■ **PROBLEM TO SOLVE**
The answer must be every line of the records below that holds the word "impI".

--- EXERCISE DATA ---

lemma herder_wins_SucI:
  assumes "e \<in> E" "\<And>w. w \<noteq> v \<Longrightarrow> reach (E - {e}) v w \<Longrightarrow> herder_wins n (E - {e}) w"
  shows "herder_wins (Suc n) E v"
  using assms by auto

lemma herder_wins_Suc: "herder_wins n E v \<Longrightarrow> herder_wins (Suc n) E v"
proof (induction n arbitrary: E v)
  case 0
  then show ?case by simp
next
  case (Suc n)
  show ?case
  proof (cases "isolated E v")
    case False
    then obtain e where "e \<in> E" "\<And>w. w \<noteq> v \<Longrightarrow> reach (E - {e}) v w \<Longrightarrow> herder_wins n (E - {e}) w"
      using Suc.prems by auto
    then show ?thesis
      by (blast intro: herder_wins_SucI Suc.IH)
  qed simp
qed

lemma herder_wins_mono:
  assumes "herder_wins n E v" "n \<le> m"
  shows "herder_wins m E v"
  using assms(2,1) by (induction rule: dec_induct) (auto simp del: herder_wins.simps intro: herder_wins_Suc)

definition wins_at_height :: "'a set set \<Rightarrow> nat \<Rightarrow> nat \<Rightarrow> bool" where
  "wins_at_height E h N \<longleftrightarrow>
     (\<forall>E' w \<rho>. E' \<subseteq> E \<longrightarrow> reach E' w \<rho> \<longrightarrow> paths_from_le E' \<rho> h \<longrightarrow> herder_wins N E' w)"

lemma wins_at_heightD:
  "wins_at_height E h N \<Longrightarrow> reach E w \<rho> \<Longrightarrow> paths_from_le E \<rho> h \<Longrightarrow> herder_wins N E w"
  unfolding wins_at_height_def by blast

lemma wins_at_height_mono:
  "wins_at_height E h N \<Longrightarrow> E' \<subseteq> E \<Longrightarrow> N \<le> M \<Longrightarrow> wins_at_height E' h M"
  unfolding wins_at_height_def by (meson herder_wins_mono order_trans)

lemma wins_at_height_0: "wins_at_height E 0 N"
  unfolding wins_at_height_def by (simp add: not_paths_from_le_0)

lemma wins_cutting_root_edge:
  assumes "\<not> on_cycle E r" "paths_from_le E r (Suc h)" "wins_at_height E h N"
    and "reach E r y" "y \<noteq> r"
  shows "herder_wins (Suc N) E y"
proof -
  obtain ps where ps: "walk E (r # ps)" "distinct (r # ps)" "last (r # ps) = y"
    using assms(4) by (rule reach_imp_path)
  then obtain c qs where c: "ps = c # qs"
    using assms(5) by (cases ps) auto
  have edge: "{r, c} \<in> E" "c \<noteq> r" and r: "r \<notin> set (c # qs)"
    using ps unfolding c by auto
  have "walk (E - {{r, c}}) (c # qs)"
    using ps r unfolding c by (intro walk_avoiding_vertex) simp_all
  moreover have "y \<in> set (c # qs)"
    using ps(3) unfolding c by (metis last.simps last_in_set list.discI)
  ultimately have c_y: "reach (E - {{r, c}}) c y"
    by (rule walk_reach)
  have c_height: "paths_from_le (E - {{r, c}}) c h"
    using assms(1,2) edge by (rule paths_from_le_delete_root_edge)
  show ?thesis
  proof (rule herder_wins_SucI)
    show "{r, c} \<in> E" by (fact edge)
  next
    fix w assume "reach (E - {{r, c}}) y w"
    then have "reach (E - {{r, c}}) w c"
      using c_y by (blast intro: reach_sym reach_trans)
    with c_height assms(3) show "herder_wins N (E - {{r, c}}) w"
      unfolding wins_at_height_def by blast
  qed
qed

---
--- EXERCISE DATA ---

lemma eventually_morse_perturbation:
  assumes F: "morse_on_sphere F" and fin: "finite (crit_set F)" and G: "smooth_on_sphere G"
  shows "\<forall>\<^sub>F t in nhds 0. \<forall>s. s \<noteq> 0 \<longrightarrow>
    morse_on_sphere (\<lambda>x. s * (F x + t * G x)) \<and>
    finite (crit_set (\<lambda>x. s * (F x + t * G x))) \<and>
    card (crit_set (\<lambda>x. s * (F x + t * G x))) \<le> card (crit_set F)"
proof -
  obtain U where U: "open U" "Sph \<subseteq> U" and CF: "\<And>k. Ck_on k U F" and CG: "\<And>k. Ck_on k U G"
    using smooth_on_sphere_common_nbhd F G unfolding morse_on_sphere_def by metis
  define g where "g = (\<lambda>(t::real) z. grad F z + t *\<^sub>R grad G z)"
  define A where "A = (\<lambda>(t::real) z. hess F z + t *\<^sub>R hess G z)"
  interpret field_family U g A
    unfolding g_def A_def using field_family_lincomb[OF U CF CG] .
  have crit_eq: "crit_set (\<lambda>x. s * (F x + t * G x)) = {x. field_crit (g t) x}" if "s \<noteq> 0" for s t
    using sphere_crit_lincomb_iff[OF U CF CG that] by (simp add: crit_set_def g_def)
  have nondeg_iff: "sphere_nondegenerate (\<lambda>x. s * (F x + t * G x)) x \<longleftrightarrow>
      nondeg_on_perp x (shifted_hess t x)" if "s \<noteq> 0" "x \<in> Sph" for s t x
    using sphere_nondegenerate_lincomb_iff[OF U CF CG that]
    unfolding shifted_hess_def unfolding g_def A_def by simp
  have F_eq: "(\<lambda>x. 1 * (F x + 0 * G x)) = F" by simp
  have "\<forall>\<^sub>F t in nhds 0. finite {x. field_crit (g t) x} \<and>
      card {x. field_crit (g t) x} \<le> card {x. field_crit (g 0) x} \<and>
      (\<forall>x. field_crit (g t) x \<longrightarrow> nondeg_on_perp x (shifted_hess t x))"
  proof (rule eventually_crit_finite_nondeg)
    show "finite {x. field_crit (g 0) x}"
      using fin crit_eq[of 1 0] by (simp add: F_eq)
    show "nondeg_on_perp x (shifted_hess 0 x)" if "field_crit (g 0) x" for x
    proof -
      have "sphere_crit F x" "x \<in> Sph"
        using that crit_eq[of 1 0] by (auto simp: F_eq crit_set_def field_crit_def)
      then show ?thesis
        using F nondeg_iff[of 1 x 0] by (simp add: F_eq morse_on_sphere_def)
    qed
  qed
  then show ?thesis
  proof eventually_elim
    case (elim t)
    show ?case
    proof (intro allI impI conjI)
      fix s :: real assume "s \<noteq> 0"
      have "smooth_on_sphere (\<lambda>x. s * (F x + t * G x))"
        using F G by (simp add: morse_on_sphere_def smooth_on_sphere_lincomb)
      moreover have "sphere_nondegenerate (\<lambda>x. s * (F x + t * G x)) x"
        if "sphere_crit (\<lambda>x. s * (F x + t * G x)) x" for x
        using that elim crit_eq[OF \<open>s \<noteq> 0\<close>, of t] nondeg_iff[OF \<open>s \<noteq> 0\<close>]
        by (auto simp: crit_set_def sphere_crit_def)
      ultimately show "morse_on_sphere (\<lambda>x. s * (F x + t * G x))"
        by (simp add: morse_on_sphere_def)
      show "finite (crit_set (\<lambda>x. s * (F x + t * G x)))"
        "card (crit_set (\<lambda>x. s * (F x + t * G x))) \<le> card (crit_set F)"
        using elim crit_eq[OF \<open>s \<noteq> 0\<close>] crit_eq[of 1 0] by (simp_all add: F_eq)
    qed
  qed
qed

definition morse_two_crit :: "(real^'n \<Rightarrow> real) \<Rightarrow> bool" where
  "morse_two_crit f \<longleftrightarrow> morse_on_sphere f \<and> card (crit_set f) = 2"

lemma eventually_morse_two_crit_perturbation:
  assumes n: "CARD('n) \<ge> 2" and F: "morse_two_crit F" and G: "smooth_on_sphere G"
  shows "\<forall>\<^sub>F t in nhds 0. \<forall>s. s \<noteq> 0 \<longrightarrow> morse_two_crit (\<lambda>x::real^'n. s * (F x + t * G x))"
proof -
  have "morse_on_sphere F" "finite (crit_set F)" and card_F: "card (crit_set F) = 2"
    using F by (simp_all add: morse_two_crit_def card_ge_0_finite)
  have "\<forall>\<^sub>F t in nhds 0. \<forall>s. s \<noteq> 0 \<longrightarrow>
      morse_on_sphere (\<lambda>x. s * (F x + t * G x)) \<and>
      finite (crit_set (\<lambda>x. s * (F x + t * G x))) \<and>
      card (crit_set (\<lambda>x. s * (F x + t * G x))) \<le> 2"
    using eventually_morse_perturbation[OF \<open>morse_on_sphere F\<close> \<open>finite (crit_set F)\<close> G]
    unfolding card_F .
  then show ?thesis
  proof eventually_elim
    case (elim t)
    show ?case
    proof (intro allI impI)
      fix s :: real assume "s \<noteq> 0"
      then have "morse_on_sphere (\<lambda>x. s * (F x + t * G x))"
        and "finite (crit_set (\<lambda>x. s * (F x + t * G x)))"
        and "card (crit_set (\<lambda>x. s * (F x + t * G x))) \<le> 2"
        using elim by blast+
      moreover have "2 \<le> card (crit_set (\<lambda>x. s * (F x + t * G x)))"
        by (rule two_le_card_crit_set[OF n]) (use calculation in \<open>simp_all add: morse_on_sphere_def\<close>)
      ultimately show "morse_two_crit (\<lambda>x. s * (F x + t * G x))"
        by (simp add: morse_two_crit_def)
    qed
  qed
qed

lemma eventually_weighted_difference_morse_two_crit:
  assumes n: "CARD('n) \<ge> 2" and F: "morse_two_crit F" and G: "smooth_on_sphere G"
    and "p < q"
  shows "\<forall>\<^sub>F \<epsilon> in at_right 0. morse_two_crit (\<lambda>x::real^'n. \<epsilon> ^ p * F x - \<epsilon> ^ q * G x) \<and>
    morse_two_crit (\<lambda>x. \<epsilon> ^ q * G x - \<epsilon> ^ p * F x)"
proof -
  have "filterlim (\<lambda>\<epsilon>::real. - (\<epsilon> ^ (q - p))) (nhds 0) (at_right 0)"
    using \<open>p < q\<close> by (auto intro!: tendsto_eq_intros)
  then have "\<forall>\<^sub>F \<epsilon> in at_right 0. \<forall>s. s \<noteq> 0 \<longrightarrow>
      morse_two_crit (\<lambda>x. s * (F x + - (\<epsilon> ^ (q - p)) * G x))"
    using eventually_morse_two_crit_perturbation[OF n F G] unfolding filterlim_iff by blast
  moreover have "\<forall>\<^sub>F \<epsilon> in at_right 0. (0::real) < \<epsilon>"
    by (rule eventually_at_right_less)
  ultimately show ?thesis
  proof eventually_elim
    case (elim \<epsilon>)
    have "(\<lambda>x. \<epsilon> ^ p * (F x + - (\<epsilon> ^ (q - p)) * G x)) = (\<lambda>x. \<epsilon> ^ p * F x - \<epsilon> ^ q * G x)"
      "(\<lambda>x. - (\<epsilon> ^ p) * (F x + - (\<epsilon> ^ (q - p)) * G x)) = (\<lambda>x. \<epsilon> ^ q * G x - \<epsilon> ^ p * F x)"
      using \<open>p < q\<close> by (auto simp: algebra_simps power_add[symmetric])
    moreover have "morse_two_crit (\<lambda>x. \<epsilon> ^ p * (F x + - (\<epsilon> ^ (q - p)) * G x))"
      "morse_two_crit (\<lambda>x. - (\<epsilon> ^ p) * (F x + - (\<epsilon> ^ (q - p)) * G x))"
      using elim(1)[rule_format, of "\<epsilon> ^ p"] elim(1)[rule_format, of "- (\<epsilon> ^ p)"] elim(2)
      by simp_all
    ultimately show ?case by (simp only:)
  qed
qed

---

■ **ANSWER SECTION**
    proof (intro allI impI conjI)
    proof (intro allI impI)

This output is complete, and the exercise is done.